Does negative gravity play a role in the expansion of the universe?

michaeljmj
Messages
11
Reaction score
0
These questions shows my lack of understanding of the expanding universe specifically the Friedmann equation. Here is a quote from Brian Greene (The Fabric of the Cosmos, page 273): “The early universe provided an arena in which gravity exerted its repulsive side with a vengeance, driving every region of space away from every other with unrelenting ferocity.”
Relativity proves that gravity curves spacetime but isn’t space expanding different from space curvature? In other words, how does negative gravity exert a force on space?
If the universe stopped expanding, like in a “bounce” theory, would the expanse of space (containing the Higgs field and cosmological constant) contract as the density of mass and energy increased?
 
Space news on Phys.org
michaeljmj said:
Relativity proves that gravity curves spacetime

Yes, spacetime, not space.

michaeljmj said:
isn’t space expanding different from space curvature?

It can be--space can be expanding but still be flat--but it is not different from spacetime curvature--if space is expanding, spacetime is curved.

michaeljmj said:
how does negative gravity exert a force on space?

Space expanding due to "negative gravity" or "repulsive gravity" is not a "force on space". (This is one reason I don't like Greene's terminology here, since it invites that very misunderstanding.) It's just how the geometry of spacetime works out when you have a positive cosmological constant.
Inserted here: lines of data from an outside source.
lemma term_below_threshold_low:
  assumes "e < a" "l ^ (a - e) * c = d" "qlt l t" "c \<noteq> 0" "(t::'a) \<noteq> 0"
  shows "qlt (d * t ^ e) (c * t ^ a)"
proof -
  have "qlt (l ^ (a - e)) (t ^ (a - e))" using qlt_power assms(1,3) by simp
  hence "qlt (l ^ (a - e) * (c * t ^ e)) (t ^ (a - e) * (c * t ^ e))"
    using qlt_mult_iff[of "c * t ^ e"] assms(4,5) by (simp add: power_nonzero mult_eq_0_iff)
  moreover have "l ^ (a - e) * (c * t ^ e) = d * t ^ e"
    using assms(2) by (simp add: mult.assoc[symmetric])
  moreover have "t ^ (a - e) * (c * t ^ e) = c * t ^ a"
    using assms(1) by (simp add: mult.left_commute flip: power_add)
  ultimately show ?thesis by simp
qed

lemma term_below_threshold_high:
  assumes "a < e" "u ^ (e - a) * d = c" "qlt t u" "d \<noteq> 0" "(t::'a) \<noteq> 0"
  shows "qlt (d * t ^ e) (c * t ^ a)"
proof -
  have "qlt (t ^ (e - a)) (u ^ (e - a))" using qlt_power assms(1,3) by simp
  hence "qlt (t ^ (e - a) * (d * t ^ a)) (u ^ (e - a) * (d * t ^ a))"
    using qlt_mult_iff[of "d * t ^ a"] assms(4,5) by (simp add: power_nonzero mult_eq_0_iff)
  moreover have "u ^ (e - a) * (d * t ^ a) = c * t ^ a"
    using assms(2) by (simp add: mult.assoc[symmetric])
  moreover have "t ^ (e - a) * (d * t ^ a) = d * t ^ e"
    using assms(1) by (simp add: mult.left_commute flip: power_add)
  ultimately show ?thesis by simp
qed

lemma thresholds_ordered:
  assumes l: "l ^ p * c = d" and u: "u ^ q * d' = c"
    and gap: "qlt (d ^ q * d' ^ p) ((c::'a) ^ (p + q))"
  shows "qlt l u"
proof (rule ccontr)
  assume "\<not> qlt l u"
  hence "qle ((u ^ q) ^ p) ((l ^ p) ^ q)"
    using qle_power[of u l "p * q"] qlt_not_qle by (simp add: power_mult[symmetric] mult.commute)
  hence "qle ((u ^ q) ^ p * (d' ^ p * c ^ q)) ((l ^ p) ^ q * (d' ^ p * c ^ q))"
    by (rule qle_mult)
  hence "qle ((u ^ q * d') ^ p * c ^ q) ((l ^ p * c) ^ q * d' ^ p)"
    by (simp add: power_mult_distrib ac_simps)
  hence "qle (c ^ (p + q)) (d ^ q * d' ^ p)"
    using l u by (simp add: power_add mult.commute)
  thus False using gap qlt_not_qle by blast
qed

text \<open>One-variable domination (a Newton-polygon argument): if \<open>c t\<^sup>a \<le> \<Sum>\<^sub>s d\<^sub>s t\<^bsup>e\<^sub>s\<^esup>\<close> for all
  \<open>t \<noteq> 0\<close>, then either a term of exponent \<open>a\<close> has coefficient \<open>\<ge> c\<close>, or two terms with exponents
  on both sides of \<open>a\<close> dominate \<open>c t\<^sup>a\<close> after interpolation.  Otherwise the thresholds of all
  terms are separated by some \<open>t\<close>, at which every term is strictly below \<open>c t\<^sup>a\<close>.\<close>

lemma one_variable_domination:
  assumes S: "finite S" and c: "(c::'a) \<noteq> 0"
    and H: "\<And>t. t \<noteq> 0 \<Longrightarrow> qle (c * t ^ a) (\<Sum>s\<in>S. d s * t ^ e s)"
  shows "(\<exists>s\<in>S. e s = a \<and> qle c (d s)) \<or>
         (\<exists>s\<in>S. \<exists>s'\<in>S. e s < a \<and> a < e s' \<and>
            qle (c ^ (e s' - e s)) (d s ^ (e s' - a) * d s' ^ (a - e s)))"
proof (rule ccontr)
  assume "\<not> ?thesis"
  hence same: "\<And>s. s \<in> S \<Longrightarrow> e s = a \<Longrightarrow> qlt (d s) c"
    and gap: "\<And>s s'. s \<in> S \<Longrightarrow> s' \<in> S \<Longrightarrow> e s < a \<Longrightarrow> a < e s' \<Longrightarrow>
               qlt (d s ^ (e s' - a) * d s' ^ (a - e s)) (c ^ (e s' - e s))"
    using qlt_not_qle by blast+
  define Lo where "Lo = {s\<in>S. e s < a \<and> d s \<noteq> 0}"
  define Up where "Up = {s\<in>S. a < e s \<and> d s \<noteq> 0}"
  define l where "l s = (SOME r. r ^ (a - e s) * c = d s)" for s
  define u where "u s = (SOME r. r ^ (e s - a) * d s = c)" for s
  have l: "l s ^ (a - e s) * c = d s" if s: "s \<in> Lo" for s
    unfolding l_def using scaled_root_exists[OF c, of "d s" "a - e s"] s
    by (auto simp: Lo_def intro: someI_ex)
  have u: "u s ^ (e s - a) * d s = c" if s: "s \<in> Up" for s
    unfolding u_def using scaled_root_exists[OF _ c, of "d s" "e s - a"] s
    by (auto simp: Up_def intro: someI_ex)
  have u0: "u s \<noteq> 0" if "s \<in> Up" for s
    using u[OF that] c that by (auto simp: Up_def zero_power)
  have lu: "qlt (l s) (u s')" if s: "s \<in> Lo" and s': "s' \<in> Up" for s s'
  proof (rule thresholds_ordered[OF l[OF s] u[OF s']])
    show "qlt (d s ^ (e s' - a) * d s' ^ (a - e s)) (c ^ (a - e s + (e s' - a)))"
      using gap s s' unfolding Lo_def Up_def by auto
  qed
  obtain t where t0: "t \<noteq> 0" and tl: "\<And>s. s \<in> Lo \<Longrightarrow> qlt (l s) t"
    and tu: "\<And>s. s \<in> Up \<Longrightarrow> qlt t (u s)"
  proof (rule separating_point[of Lo Up u l])
    show "finite Lo" "finite Up" using S by (simp_all add: Lo_def Up_def)
  qed (use u0 lu in auto)
  have ct: "c * t ^ a \<noteq> 0" using c t0 by (simp add: mult_eq_0_iff power_nonzero)
  have each: "qlt (d s * t ^ e s) (c * t ^ a)" if s: "s \<in> S" for s
  proof -
    consider "d s = 0" | "d s \<noteq> 0" "e s = a" | "d s \<noteq> 0" "e s < a" | "d s \<noteq> 0" "a < e s"
      using less_linear by blast
    then show ?thesis
    proof cases
      case 1 then show ?thesis using ct zero_qlt by simp
    next
      case 2 then show ?thesis using same[OF s] qlt_mult_iff[OF power_nonzero[OF t0]] by simp
    next
      case 3
      hence sLo: "s \<in> Lo" using s Lo_def by auto
      show ?thesis by (rule term_below_threshold_low[OF 3(2) l[OF sLo] tl[OF sLo] c t0])
    next
      case 4
      hence sUp: "s \<in> Up" using s Up_def by auto
      show ?thesis by (rule term_below_threshold_high[OF 4(2) u[OF sUp] tu[OF sUp] 4(1) t0])
    qed
  qed
  have "qlt (\<Sum>s\<in>S. d s * t ^ e s) (c * t ^ a)" by (rule qlt_sum[OF S ct each])
  thus False using H[OF t0] by (simp add: qlt_not_qle)
qed

end

section \<open>Evaluation of polynomials\<close>

definition monom_eval :: "('n::finite \<Rightarrow>\<^sub>0 nat) \<Rightarrow> ('n \<Rightarrow> 'a::comm_semiring_1) \<Rightarrow> 'a" where
  "monom_eval m x = (\<Prod>i\<in>UNIV. x i ^ lookup m i)"

lemma mpeval_monom_eval: "mpeval P x = (\<Sum>m\<in>keys P. lookup P m * monom_eval m x)"
  by (simp add: mpeval_def monom_eval_def)

lemma mpeval_superset:
  assumes "finite S" "keys P \<subseteq> S"
  shows "mpeval P x = (\<Sum>m\<in>S. lookup P m * monom_eval m x)"
  unfolding mpeval_monom_eval
  by (rule sum.mono_neutral_left[OF assms]) (simp add: in_keys_iff)

lemma mpeval_zero: "mpeval 0 x = 0"
  by (simp add: mpeval_def)

lemma mpeval_add: "mpeval (P + Q) x = mpeval P x + mpeval Q x"
proof -
  let ?S = "keys P \<union> keys Q"
  have "mpeval (P + Q) x = (\<Sum>m\<in>?S. lookup (P + Q) m * monom_eval m x)"
    by (rule mpeval_superset[OF _ keys_add]) simp
  also have "\<dots> = (\<Sum>m\<in>?S. lookup P m * monom_eval m x) + (\<Sum>m\<in>?S. lookup Q m * monom_eval m x)"
    by (simp add: lookup_add distrib_right sum.distrib)
  also have "\<dots> = mpeval P x + mpeval Q x"
    using mpeval_superset[of ?S P x] mpeval_superset[of ?S Q x] by simp
  finally show ?thesis .
qed

lemma mpeval_sum: "mpeval (sum f S) x = (\<Sum>s\<in>S. mpeval (f s) x)"
  by (induction S rule: infinite_finite_induct) (simp_all add: mpeval_zero mpeval_add)

lemma mpeval_single: "mpeval (single m c) x = c * monom_eval m x"
  by (simp add: mpeval_monom_eval)

lemma sum_of_terms: "(\<Sum>m\<in>keys P. single m (lookup P m)) = P"
proof (rule poly_mapping_eqI)
  fix k
  have "lookup (\<Sum>m\<in>keys P. single m (lookup P m)) k = (\<Sum>m\<in>keys P. if m = k then lookup P m else 0)"
    by (simp add: lookup_sum lookup_single when_def eq_commute)
  thus "lookup (\<Sum>m\<in>keys P. single m (lookup P m)) k = lookup P k"
    by (simp add: in_keys_iff)
qed

lemma monom_eval_add: "monom_eval (m + m') x = monom_eval m x * monom_eval m' x"
  by (simp add: monom_eval_def lookup_add power_add prod.distrib)

lemma mpeval_mult:
  fixes P Q :: "('n::finite \<Rightarrow>\<^sub>0 nat) \<Rightarrow>\<^sub>0 'a::comm_semiring_1"
  shows "mpeval (P * Q) x = mpeval P x * mpeval Q x"
proof -
  let ?t = "\<lambda>P::('n \<Rightarrow>\<^sub>0 nat) \<Rightarrow>\<^sub>0 'a. \<lambda>m. single m (lookup P m)"
  have "P * Q = (\<Sum>m\<in>keys P. \<Sum>m'\<in>keys Q. ?t P m * ?t Q m')"
    by (subst (1 2) sum_of_terms[symmetric]) (rule sum_product)
  hence "mpeval (P * Q) x = (\<Sum>m\<in>keys P. \<Sum>m'\<in>keys Q. mpeval (?t P m * ?t Q m') x)"
    by (simp add: mpeval_sum)
  also have "\<dots> = (\<Sum>m\<in>keys P. \<Sum>m'\<in>keys Q.
                     (lookup P m * monom_eval m x) * (lookup Q m' * monom_eval m' x))"
    by (simp add: mult_single mpeval_single monom_eval_add ac_simps)
  also have "\<dots> = mpeval P x * mpeval Q x"
    by (simp add: mpeval_monom_eval sum_product)
  finally show ?thesis .
qed

lemma mpeval_one: "mpeval 1 x = 1"
  by (simp add: mpeval_monom_eval monom_eval_def)

lemma mpeval_power: "mpeval (P ^ n) x = mpeval P x ^ n"
  by (induction n) (simp_all add: mpeval_one mpeval_mult)

primrec exp_scale :: "nat \<Rightarrow> ('n \<Rightarrow>\<^sub>0 nat) \<Rightarrow> ('n \<Rightarrow>\<^sub>0 nat)" where
  "exp_scale 0 m = 0"
| "exp_scale (Suc n) m = m + exp_scale n m"

lemma lookup_exp_scale: "lookup (exp_scale n m) k = n * lookup m k"
  by (induction n) (simp_all add: lookup_add)

lemma single_power:
  "(single m c :: ('n \<Rightarrow>\<^sub>0 nat) \<Rightarrow>\<^sub>0 'a::comm_semiring_1) ^ n = single (exp_scale n m) (c ^ n)"
  by (induction n) (simp_all add: mult_single)

lemma monom_eval_exp_scale: "monom_eval (exp_scale n m) x = monom_eval m x ^ n"
  unfolding monom_eval_def lookup_exp_scale prod_power_distrib
  by (rule prod.cong) (simp_all add: mult.commute[of n] power_mult)

lemma monom_eval_split:
  "monom_eval m x = x i ^ lookup m i * (\<Prod>j\<in>UNIV - {i}. x j ^ lookup m j)"
  unfolding monom_eval_def by (rule prod.remove) auto

lemma monom_eval_upd:
  "monom_eval m (x(i := t)) = t ^ lookup m i * monom_eval m (x(i := 1))"
proof -
  have "(\<Prod>j\<in>UNIV - {i}. (x(i := t)) j ^ lookup m j) = (\<Prod>j\<in>UNIV - {i}. (x(i := 1)) j ^ lookup m j)"
    by (rule prod.cong) auto
  thus ?thesis by (simp add: monom_eval_split[of m _ i])
qed

lemma mpeval_upd:
  "mpeval P (x(i := t)) = (\<Sum>m\<in>keys P. (lookup P m * monom_eval m (x(i := 1))) * t ^ lookup m i)"
  unfolding mpeval_monom_eval by (rule sum.cong) (simp_all add: monom_eval_upd[of _ x i t] ac_simps)

section \<open>Polynomial functions are determined by their values on the torus\<close>

definition on_torus :: "('n \<Rightarrow> 'a::zero) \<Rightarrow> bool" where
  "on_torus x \<longleftrightarrow> (\<forall>i. x i \<noteq> 0)"

context ordered_quasi_field begin

lemma monom_eval_nonzero: "on_torus x \<Longrightarrow> monom_eval m (x::'n::finite \<Rightarrow> 'a) \<noteq> 0"
  unfolding monom_eval_def on_torus_def by (rule prod_nonzero) (auto simp: power_nonzero)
There is no "force" since all the objects whose motion tells about the expansion of space are in free fall, feeling no force.
 
PeterDonis said:
Space expanding due to "negative gravity" or "repulsive gravity" is not a "force on space". (This is one reason I don't like Greene's terminology here, since it invites that very misunderstanding.) It's just how the geometry of spacetime works out when you have a positive cosmological constant. There is no "force" since all the objects whose motion tells about the expansion of space are in free fall, feeling no force.
Thanks for the specific answer. A follow-up question, in the inflationary theory, the inflaton field was similar to a positive cosmological constant only much stronger. Right?
 
michaeljmj said:
Thanks for the specific answer. A follow-up question, in the inflationary theory, the inflaton field was similar to a positive cosmological constant only much stronger. Right?
Yes. Of course it wasn't truly a constant, but certainly the energy density changed very slowly during the bulk of the inflationary expansion.